The captain, though he had been on this trip hundreds of times, had never seen this spot, and never would but for this fog, and his desire to entertain me. He presented a striking instance how men, for the sake of getting a living, forget to live. It is just the same in the most romantic as the most dull and vulgar places. Men get the harness on so fast, that they can never shake it off, unless they guard against this danger from the very first. In Chicago, how many men live who never find time to see the prairies, or learn anything unconnected with the business of the day, or about the country they are living in!

So this captain, a man of strong sense and good eyesight, rarely found time to go off the track or look about him on it. He lamented, too, that there had been no call which, induced him to develop his powers of expression, so that he might communicate what he had seen for the enjoyment or instruction of others.

This is a common fault among the active men, the truly living, who could tell what life is. It should not be so. Literature should not be left to the mere literati,—eloquence to the mere orator; every Cæsar should be able to write his own commentary. We want a more equal, more thorough, more harmonious development, and there is nothing to hinder the men of this country from it, except their own supineness, or sordid views.

When the weather did clear, our course up the river was delightful.

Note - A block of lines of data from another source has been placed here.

text \<open>With \<open>t = x - \<alpha>\<close>, let \<open>w j k\<close> be the coefficient of \<open>t^k\<close> in the \<open>j\<close>-th coefficient of \<open>L\<close>.
  For a power series \<open>y = \<Sum> y_m t^m\<close>, the \<open>n\<close>-th coefficient of \<open>L y\<close> is a linear combination of
  \<open>y_0, \<dots>, y_(n+r)\<close> in which \<open>y_(n+r)\<close> has the factor \<open>w r 0 \<cdot> (n+1)_r \<noteq> 0\<close>. Hence power series
  solutions are determined by their first \<open>r\<close> coefficients, and \<open>F_\<alpha>(L, d+r) = M\<close> iff the rows of
  \<open>M\<close> satisfy the first \<open>d+1\<close> of these equations, which are linear in \<open>w\<close>. As the rows of \<open>M\<close>
  begin with a unit matrix, the \<open>n\<close>-th equations determine the \<open>n\<close>-th column of \<open>w\<close> from its entry
  \<open>w r n\<close> and the earlier columns. So the fibre over \<open>M\<close> is parametrised by the leading
  coefficient \<open>L_r\<close>, which can be any polynomial of degree at most \<open>d\<close> not vanishing at \<open>\<alpha>\<close>: the
  fibre lies in a linear space of dimension \<open>d+1\<close>, and the \<open>d+1\<close> coefficients of \<open>L_r\<close> are
  algebraically independent on it.\<close>

lemma nat_rec_fixpoint_exists:
  fixes F :: "nat \<Rightarrow> (nat \<Rightarrow> 'b) \<Rightarrow> 'b"
  assumes "\<And>n y y'. (\<And>m. m < n \<Longrightarrow> y m = y' m) \<Longrightarrow> F n y = F n y'"
  shows "\<exists>y. \<forall>n. y n = F n y"
proof -
  let ?y = "wfrec less_than (\<lambda>y n. F n y)"
  have "adm_wf less_than (\<lambda>y n. F n y)"
  proof (unfold adm_wf_def, intro allI impI)
    fix f g :: "nat \<Rightarrow> 'b" and n :: nat
    assume "\<forall>m. (m, n) \<in> less_than \<longrightarrow> f m = g m"
    then show "F n f = F n g" by (intro assms) simp
  qed
  then have "?y = (\<lambda>n. F n ?y)"
    by (rule wfrec_fixpoint[OF wf_less_than])
  then show ?thesis
    by (intro exI allI) (erule fun_cong)
qed

lemma pochhammer_of_nat_Suc_neq_0:
  "pochhammer (of_nat (Suc n) :: 'a::{comm_semiring_1,semiring_char_0}) r \<noteq> 0"
  unfolding pochhammer_of_nat of_nat_eq_0_iff by (simp add: pochhammer_pos)

lemma fps_nth_funpow_deriv:
  "(fps_deriv ^^ j) Y $ m = pochhammer (of_nat (m + 1)) j * Y $ (m + j)"
proof (induction j arbitrary: m)
  case 0
  then show ?case by simp
next
  case (Suc j)
  have "(fps_deriv ^^ Suc j) Y $ m = of_nat (m + 1) * ((fps_deriv ^^ j) Y $ (m + 1))"
    by simp
  also have "\<dots> = of_nat (m + 1) * (pochhammer (of_nat (m + 2)) j * Y $ (m + 1 + j))"
    using Suc by simp
  also have "\<dots> = pochhammer (of_nat (m + 1)) (Suc j) * Y $ (m + Suc j)"
    by (simp add: pochhammer_rec algebra_simps)
  finally show ?case .
qed

lemma polyfun_in_cong:
  assumes "polyfun_in I P" "\<And>i. i \<in> I \<Longrightarrow> v i = v' i"
  shows "P v = P v'"
  using assms by (induction rule: polyfun_in.induct) auto

lemma polyfun_in_along_line:
  fixes P :: "('c \<Rightarrow> 'a::field) \<Rightarrow> 'a"
  assumes "polyfun_in I P"
  shows "\<exists>p. \<forall>t. P (\<lambda>x. v x + t * e x) = poly p t"
  using assms
proof (induction rule: polyfun_in.induct)
  case (const c)
  show ?case by (rule exI[of _ "[:c:]"]) simp
next
  case (var i)
  show ?case by (rule exI[of _ "[:v i, e i:]"]) (simp add: algebra_simps)
next
  case (add P Q)
  then obtain p q where "\<forall>t. P (\<lambda>x. v x + t * e x) = poly p t" "\<forall>t. Q (\<lambda>x. v x + t * e x) = poly q t"
    by blast
  then show ?case by (intro exI[of _ "p + q"]) simp
next
  case (mult P Q)
  then obtain p q where "\<forall>t. P (\<lambda>x. v x + t * e x) = poly p t" "\<forall>t. Q (\<lambda>x. v x + t * e x) = poly q t"
    by blast
  then show ?case by (intro exI[of _ "p * q"]) simp
qed

lemma polyfun_in_linear_form:
  fixes a :: "'c \<Rightarrow> 'a::comm_ring_1"
  assumes "finite F" "F \<subseteq> I"
  shows "polyfun_in I (\<lambda>v. \<Sum>i\<in>F. a i * v i)"
  using assms
proof (induction F rule: finite_induct)
  case empty
  show ?case using polyfun_in.const[of I 0] by simp
next
  case (insert x F)
  have "polyfun_in I (\<lambda>v. a x * v x + (\<Sum>i\<in>F. a i * v i))"
    by (intro polyfun_in.add polyfun_in.mult polyfun_in.const polyfun_in.var) (use insert in auto)
  then show ?case using insert by simp
qed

Long stretched before us the island of St. Joseph's, with its fair woods of sugar-maple. A gentleman on board, who belongs to the Fort at the Sault, said their pastime was to come in the season of making sugar, and pass some time on this island,—the days at work, and the evening in dancing and other amusements. Work of this kind done in the open air, where everything is temporary, and every utensil prepared on the spot, gives life a truly festive air. At such times, there is labor and no care,—energy with gayety, gayety of the heart.

I think with the same pleasure of the Italian vintage, the Scotch harvest-home, with its evening dance in the barn, the Russian cabbage-feast even, and our huskings and hop-gatherings. The hop-gatherings, where the groups of men and girls are pulling down and filling baskets with the gay festoons, present as graceful pictures as the Italian vintage.

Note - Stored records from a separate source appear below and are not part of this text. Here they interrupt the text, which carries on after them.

definition lambda_product ::
  "('c::comm_ring_1 \<Rightarrow> 'c) \<Rightarrow> ('k::field \<Rightarrow> 'c \<Rightarrow> 'c) \<Rightarrow> ('c \<Rightarrow> 'c \<Rightarrow> 'c poly) \<Rightarrow> bool" where
  "lambda_product D sc L \<longleftrightarrow>
     (\<forall>x y z. L (x + y) z = L x z + L y z) \<and>
     (\<forall>x y z. L x (y + z) = L x y + L x z) \<and>
     (\<forall>a x y. L (sc a x) y = map_poly (sc a) (L x y)) \<and>
     (\<forall>a x y. L x (sc a y) = map_poly (sc a) (L x y)) \<and>
     (\<forall>x y. L (D x) y = - pCons 0 (L x y)) \<and>
     (\<forall>x y. L x (D y) = map_poly D (L x y) + pCons 0 (L x y))"

text \<open>(x_{-d-lambda} y): replace lambda^n c by (-d-lambda)^n c, d acting on coefficients.\<close>
definition flip_lam :: "('c::comm_ring_1 \<Rightarrow> 'c) \<Rightarrow> 'c poly \<Rightarrow> 'c poly" where
  "flip_lam D P = (\<Sum>n\<le>degree P. ((\<lambda>Q. - (map_poly D Q + pCons 0 Q)) ^^ n) [:coeff P n:])"

definition lamv :: "'c::comm_ring_1 poly poly" where "lamv = [:[:0, 1:]:]"
definition muv :: "'c::comm_ring_1 poly poly" where "muv = [:0, 1:]"

definition ev2 :: "'c::comm_ring_1 poly \<Rightarrow> 'c poly poly \<Rightarrow> 'c poly poly" where
  "ev2 P t = (\<Sum>k\<le>degree P. t ^ k * [:[:coeff P k:]:])"

definition sub2 :: "('c::comm_ring_1 \<Rightarrow> 'c poly) \<Rightarrow> 'c poly \<Rightarrow> 'c poly poly \<Rightarrow> 'c poly poly \<Rightarrow> 'c poly poly" where
  "sub2 F P s t = (\<Sum>n\<le>degree P. s ^ n * ev2 (F (coeff P n)) t)"

text \<open>Poisson conformal algebra with commutative associative product L = (._lambda.)
and Lie bracket B = [._lambda.].\<close>
definition poisson_conformal_algebra ::
  "('c::comm_ring_1 \<Rightarrow> 'c) \<Rightarrow> ('k::field \<Rightarrow> 'c \<Rightarrow> 'c) \<Rightarrow> ('c \<Rightarrow> 'c \<Rightarrow> 'c poly) \<Rightarrow> ('c \<Rightarrow> 'c \<Rightarrow> 'c poly) \<Rightarrow> bool" where
  "poisson_conformal_algebra D sc L B \<longleftrightarrow>
     H_module D sc \<and> lambda_product D sc L \<and> lambda_product D sc B \<and>
     \<comment> \<open>(x_lambda (y_mu z)) = ((x_lambda y)_{lambda+mu} z)\<close>
     (\<forall>x y z. sub2 (L x) (L y z) muv lamv = sub2 (\<lambda>a. L a z) (L x y) lamv (lamv + muv)) \<and>
     \<comment> \<open>(x_lambda y) = (y_{-d-lambda} x)\<close>
     (\<forall>x y. L x y = flip_lam D (L y x)) \<and>
     \<comment> \<open>[x_lambda y] = - [y_{-d-lambda} x]\<close>
     (\<forall>x y. B x y = - flip_lam D (B y x)) \<and>
     \<comment> \<open>[x_lambda [y_mu z]] - [y_mu [x_lambda z]] = [[x_lambda y]_{lambda+mu} z]\<close>
     (\<forall>x y z. sub2 (B x) (B y z) muv lamv - sub2 (B y) (B x z) lamv muv
              = sub2 (\<lambda>a. B a z) (B x y) lamv (lamv + muv)) \<and>
     \<comment> \<open>[x_lambda (y_mu z)] = ([x_lambda y]_{lambda+mu} z) + (y_mu [x_lambda z])\<close>
     (\<forall>x y z. sub2 (B x) (L y z) muv lamv
              = sub2 (\<lambda>a. L a z) (B x y) lamv (lamv + muv) + sub2 (L y) (B x z) lamv muv)"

How pleasant is the course along a new river, the sight of new shores! like a life, would but life flow as fast, and upbear us with as full a stream. I hoped we should come in sight of the rapids by daylight; but the beautiful sunset was quite gone, and only a young moon trembling over the scene, when we came within hearing of them.

I sat up long to hear them merely. It was a thoughtful hour. These two days, the 29th and 30th of August, are memorable in my life; the latter is the birthday of a near friend. I pass them alone, approaching Lake Superior; but I shall not enter into that truly wild and free region; shall not have the canoe voyage, whose daily adventure, with the camping out at night beneath the stars, would have given an interlude of such value to my existence. I shall not see the Pictured Rocks, their chapels and urns. It did not depend on me; it never has, whether such things shall be done or not.